▶ Source information
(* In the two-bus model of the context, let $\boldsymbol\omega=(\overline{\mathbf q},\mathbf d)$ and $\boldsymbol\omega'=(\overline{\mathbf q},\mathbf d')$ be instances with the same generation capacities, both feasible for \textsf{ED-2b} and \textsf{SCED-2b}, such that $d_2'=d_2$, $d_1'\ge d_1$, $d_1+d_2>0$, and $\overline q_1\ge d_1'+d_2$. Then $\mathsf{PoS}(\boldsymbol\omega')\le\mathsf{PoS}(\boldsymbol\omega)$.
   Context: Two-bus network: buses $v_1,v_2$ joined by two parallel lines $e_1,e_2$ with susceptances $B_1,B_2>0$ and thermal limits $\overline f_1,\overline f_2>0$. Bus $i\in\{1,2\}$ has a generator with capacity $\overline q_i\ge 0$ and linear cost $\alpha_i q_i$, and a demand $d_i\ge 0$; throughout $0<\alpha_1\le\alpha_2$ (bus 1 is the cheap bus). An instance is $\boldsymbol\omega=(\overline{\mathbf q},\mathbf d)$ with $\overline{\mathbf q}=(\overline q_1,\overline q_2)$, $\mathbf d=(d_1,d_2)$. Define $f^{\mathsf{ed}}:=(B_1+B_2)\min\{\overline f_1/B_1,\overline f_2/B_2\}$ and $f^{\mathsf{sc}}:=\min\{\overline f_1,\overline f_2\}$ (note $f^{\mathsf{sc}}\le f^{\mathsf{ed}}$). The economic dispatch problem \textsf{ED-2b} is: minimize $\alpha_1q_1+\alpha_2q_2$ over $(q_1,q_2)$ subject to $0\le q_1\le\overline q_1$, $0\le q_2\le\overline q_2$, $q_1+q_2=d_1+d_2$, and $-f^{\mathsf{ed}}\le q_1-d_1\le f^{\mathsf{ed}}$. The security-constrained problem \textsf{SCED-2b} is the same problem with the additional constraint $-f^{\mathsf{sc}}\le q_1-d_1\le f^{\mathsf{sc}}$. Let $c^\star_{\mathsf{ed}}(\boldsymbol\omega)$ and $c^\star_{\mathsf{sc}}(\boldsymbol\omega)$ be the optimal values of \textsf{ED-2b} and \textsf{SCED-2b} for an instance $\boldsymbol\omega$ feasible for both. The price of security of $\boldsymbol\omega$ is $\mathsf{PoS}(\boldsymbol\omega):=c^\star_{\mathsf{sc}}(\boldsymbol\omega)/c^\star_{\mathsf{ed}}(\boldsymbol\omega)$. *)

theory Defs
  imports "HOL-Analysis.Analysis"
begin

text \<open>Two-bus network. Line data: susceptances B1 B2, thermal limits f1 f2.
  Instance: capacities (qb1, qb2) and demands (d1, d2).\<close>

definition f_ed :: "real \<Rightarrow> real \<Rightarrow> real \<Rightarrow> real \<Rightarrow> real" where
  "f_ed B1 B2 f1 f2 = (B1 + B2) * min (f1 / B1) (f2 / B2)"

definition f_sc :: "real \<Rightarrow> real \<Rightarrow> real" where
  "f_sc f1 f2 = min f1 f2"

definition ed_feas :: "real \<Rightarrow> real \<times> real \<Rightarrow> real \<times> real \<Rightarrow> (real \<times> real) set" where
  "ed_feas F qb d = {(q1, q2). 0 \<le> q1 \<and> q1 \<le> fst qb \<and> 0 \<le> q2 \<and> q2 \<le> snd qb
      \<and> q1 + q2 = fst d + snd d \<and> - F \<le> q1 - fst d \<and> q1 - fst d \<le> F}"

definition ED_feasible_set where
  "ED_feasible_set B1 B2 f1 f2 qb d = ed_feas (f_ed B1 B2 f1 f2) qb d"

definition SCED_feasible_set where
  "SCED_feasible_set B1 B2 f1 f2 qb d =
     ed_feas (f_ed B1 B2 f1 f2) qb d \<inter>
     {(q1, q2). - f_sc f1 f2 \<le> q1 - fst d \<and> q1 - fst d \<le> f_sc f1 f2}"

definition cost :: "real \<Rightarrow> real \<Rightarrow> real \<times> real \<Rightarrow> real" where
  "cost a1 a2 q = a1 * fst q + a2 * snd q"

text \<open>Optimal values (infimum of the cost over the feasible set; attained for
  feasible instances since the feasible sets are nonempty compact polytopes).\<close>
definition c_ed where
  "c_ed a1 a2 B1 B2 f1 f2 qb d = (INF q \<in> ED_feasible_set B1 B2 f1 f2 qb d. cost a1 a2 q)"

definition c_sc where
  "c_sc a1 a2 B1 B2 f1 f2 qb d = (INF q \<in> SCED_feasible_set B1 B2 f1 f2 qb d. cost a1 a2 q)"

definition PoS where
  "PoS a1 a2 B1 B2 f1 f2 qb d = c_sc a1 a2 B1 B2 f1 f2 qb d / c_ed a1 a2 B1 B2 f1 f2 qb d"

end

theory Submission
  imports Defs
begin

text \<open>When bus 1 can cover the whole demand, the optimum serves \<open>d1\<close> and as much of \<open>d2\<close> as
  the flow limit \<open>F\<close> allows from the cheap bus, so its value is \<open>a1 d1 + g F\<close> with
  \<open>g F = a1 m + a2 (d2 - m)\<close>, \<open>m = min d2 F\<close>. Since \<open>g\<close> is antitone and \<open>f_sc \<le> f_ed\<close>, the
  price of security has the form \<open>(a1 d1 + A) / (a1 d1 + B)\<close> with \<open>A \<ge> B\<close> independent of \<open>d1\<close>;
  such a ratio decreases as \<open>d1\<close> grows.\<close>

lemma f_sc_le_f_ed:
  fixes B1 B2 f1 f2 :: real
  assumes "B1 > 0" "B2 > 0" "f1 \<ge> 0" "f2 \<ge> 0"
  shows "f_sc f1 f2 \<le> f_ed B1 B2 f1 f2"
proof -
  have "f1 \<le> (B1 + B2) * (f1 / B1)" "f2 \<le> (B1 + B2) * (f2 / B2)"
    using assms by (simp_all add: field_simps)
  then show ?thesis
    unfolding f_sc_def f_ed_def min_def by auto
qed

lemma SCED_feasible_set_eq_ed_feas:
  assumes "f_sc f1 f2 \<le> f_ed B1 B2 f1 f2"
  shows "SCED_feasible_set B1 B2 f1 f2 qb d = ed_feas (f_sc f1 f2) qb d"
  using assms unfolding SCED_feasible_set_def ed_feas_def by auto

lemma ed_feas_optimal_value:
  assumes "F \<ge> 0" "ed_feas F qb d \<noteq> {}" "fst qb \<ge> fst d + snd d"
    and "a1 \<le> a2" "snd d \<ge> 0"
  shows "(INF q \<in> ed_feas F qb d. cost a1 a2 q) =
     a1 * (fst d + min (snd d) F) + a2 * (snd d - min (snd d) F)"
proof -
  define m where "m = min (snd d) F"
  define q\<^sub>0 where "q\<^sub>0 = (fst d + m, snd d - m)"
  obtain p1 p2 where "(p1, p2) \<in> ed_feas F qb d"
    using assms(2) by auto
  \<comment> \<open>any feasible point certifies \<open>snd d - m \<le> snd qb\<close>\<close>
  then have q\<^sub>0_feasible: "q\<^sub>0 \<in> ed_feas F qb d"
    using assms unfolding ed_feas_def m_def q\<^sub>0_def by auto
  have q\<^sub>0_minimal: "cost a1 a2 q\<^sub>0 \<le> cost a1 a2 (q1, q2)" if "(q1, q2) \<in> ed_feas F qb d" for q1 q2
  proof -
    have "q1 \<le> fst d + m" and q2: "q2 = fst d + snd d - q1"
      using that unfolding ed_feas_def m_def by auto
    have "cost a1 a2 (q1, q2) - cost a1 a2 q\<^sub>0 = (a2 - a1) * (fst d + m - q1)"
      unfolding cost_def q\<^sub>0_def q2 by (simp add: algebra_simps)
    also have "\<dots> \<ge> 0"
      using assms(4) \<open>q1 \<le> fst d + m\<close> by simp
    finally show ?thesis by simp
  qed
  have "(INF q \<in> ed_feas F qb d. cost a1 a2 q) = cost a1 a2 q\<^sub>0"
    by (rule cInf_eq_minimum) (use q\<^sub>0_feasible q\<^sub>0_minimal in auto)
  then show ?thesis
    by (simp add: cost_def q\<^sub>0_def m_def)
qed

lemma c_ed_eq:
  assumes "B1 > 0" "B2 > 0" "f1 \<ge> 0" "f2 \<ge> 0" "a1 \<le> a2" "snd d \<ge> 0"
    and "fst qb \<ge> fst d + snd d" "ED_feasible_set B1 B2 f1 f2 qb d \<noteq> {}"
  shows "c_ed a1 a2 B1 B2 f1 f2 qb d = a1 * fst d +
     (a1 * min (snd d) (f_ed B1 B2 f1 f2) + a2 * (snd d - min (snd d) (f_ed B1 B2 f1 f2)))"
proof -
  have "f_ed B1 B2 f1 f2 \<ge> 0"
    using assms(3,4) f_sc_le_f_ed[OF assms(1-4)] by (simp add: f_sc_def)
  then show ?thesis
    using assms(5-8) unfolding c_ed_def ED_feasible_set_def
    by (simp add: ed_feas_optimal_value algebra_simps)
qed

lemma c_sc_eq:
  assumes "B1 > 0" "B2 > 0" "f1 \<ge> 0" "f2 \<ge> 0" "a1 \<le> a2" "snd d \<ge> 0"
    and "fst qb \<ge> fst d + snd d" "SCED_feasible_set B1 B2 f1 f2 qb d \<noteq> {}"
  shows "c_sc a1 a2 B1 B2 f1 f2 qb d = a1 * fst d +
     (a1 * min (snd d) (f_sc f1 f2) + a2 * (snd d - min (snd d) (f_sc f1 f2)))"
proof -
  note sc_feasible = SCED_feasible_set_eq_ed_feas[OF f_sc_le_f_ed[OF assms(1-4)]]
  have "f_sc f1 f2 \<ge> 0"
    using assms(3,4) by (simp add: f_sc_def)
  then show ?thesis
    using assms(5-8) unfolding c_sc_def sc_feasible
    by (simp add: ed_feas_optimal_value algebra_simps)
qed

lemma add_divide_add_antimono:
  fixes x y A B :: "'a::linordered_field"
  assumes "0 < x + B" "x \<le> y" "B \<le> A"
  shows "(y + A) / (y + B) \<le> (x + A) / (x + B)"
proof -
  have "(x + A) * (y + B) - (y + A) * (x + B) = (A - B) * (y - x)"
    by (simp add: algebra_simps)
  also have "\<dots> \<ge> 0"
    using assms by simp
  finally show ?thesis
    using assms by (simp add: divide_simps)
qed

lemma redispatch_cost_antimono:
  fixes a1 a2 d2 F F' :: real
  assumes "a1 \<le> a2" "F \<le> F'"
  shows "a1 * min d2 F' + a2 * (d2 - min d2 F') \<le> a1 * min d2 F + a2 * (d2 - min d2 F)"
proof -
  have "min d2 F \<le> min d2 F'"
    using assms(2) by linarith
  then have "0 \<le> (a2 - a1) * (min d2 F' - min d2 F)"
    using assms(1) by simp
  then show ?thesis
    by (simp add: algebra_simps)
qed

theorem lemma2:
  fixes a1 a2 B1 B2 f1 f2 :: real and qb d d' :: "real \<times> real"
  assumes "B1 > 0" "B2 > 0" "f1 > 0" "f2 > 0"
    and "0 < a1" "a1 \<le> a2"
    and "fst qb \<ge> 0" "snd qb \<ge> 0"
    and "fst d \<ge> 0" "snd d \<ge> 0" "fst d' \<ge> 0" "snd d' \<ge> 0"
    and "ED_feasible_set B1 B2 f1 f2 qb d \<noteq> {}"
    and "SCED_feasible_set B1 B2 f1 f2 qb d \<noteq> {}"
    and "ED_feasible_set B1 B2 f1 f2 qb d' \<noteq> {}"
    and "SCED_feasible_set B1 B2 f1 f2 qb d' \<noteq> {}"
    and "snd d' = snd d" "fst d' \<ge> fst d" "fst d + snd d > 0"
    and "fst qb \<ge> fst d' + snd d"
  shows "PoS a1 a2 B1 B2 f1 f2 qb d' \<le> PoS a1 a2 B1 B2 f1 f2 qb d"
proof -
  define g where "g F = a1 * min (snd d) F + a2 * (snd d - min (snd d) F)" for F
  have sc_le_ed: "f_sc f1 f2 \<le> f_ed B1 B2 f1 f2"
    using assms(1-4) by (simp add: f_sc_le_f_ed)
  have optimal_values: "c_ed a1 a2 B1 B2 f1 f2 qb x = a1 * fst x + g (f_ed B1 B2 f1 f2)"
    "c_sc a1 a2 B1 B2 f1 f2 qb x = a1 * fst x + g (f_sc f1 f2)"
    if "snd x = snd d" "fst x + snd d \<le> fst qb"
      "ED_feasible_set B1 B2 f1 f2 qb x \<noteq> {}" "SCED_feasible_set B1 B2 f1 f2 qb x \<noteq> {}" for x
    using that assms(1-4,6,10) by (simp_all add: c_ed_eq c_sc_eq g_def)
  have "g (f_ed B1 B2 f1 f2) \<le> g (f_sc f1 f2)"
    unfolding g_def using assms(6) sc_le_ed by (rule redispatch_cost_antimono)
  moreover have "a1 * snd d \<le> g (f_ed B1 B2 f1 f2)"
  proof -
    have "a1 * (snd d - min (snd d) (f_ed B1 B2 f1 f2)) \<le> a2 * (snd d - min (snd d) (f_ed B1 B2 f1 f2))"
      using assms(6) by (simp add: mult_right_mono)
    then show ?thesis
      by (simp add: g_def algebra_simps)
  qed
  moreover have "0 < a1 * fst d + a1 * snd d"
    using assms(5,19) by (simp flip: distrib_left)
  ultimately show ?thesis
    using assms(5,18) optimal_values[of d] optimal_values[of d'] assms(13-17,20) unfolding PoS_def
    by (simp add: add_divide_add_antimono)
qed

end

▶ Task objective
Output, from the data above, the lines from the line with "q2 \<le> snd qb" to the line with "(B1 + B2) * (f1" exactly as they stand, both ends included and nothing else.

▶ Result for this task
  "ed_feas F qb d = {(q1, q2). 0 \<le> q1 \<and> q1 \<le> fst qb \<and> 0 \<le> q2 \<and> q2 \<le> snd qb
      \<and> q1 + q2 = fst d + snd d \<and> - F \<le> q1 - fst d \<and> q1 - fst d \<le> F}"

definition ED_feasible_set where
  "ED_feasible_set B1 B2 f1 f2 qb d = ed_feas (f_ed B1 B2 f1 f2) qb d"

definition SCED_feasible_set where
  "SCED_feasible_set B1 B2 f1 f2 qb d =
     ed_feas (f_ed B1 B2 f1 f2) qb d \<inter>
     {(q1, q2). - f_sc f1 f2 \<le> q1 - fst d \<and> q1 - fst d \<le> f_sc f1 f2}"

definition cost :: "real \<Rightarrow> real \<Rightarrow> real \<times> real \<Rightarrow> real" where
  "cost a1 a2 q = a1 * fst q + a2 * snd q"

text \<open>Optimal values (infimum of the cost over the feasible set; attained for
  feasible instances since the feasible sets are nonempty compact polytopes).\<close>
definition c_ed where
  "c_ed a1 a2 B1 B2 f1 f2 qb d = (INF q \<in> ED_feasible_set B1 B2 f1 f2 qb d. cost a1 a2 q)"

definition c_sc where
  "c_sc a1 a2 B1 B2 f1 f2 qb d = (INF q \<in> SCED_feasible_set B1 B2 f1 f2 qb d. cost a1 a2 q)"

definition PoS where
  "PoS a1 a2 B1 B2 f1 f2 qb d = c_sc a1 a2 B1 B2 f1 f2 qb d / c_ed a1 a2 B1 B2 f1 f2 qb d"

end

theory Submission
  imports Defs
begin

text \<open>When bus 1 can cover the whole demand, the optimum serves \<open>d1\<close> and as much of \<open>d2\<close> as
  the flow limit \<open>F\<close> allows from the cheap bus, so its value is \<open>a1 d1 + g F\<close> with
  \<open>g F = a1 m + a2 (d2 - m)\<close>, \<open>m = min d2 F\<close>. Since \<open>g\<close> is antitone and \<open>f_sc \<le> f_ed\<close>, the
  price of security has the form \<open>(a1 d1 + A) / (a1 d1 + B)\<close> with \<open>A \<ge> B\<close> independent of \<open>d1\<close>;
  such a ratio decreases as \<open>d1\<close> grows.\<close>

lemma f_sc_le_f_ed:
  fixes B1 B2 f1 f2 :: real
  assumes "B1 > 0" "B2 > 0" "f1 \<ge> 0" "f2 \<ge> 0"
  shows "f_sc f1 f2 \<le> f_ed B1 B2 f1 f2"
proof -
  have "f1 \<le> (B1 + B2) * (f1 / B1)" "f2 \<le> (B1 + B2) * (f2 / B2)"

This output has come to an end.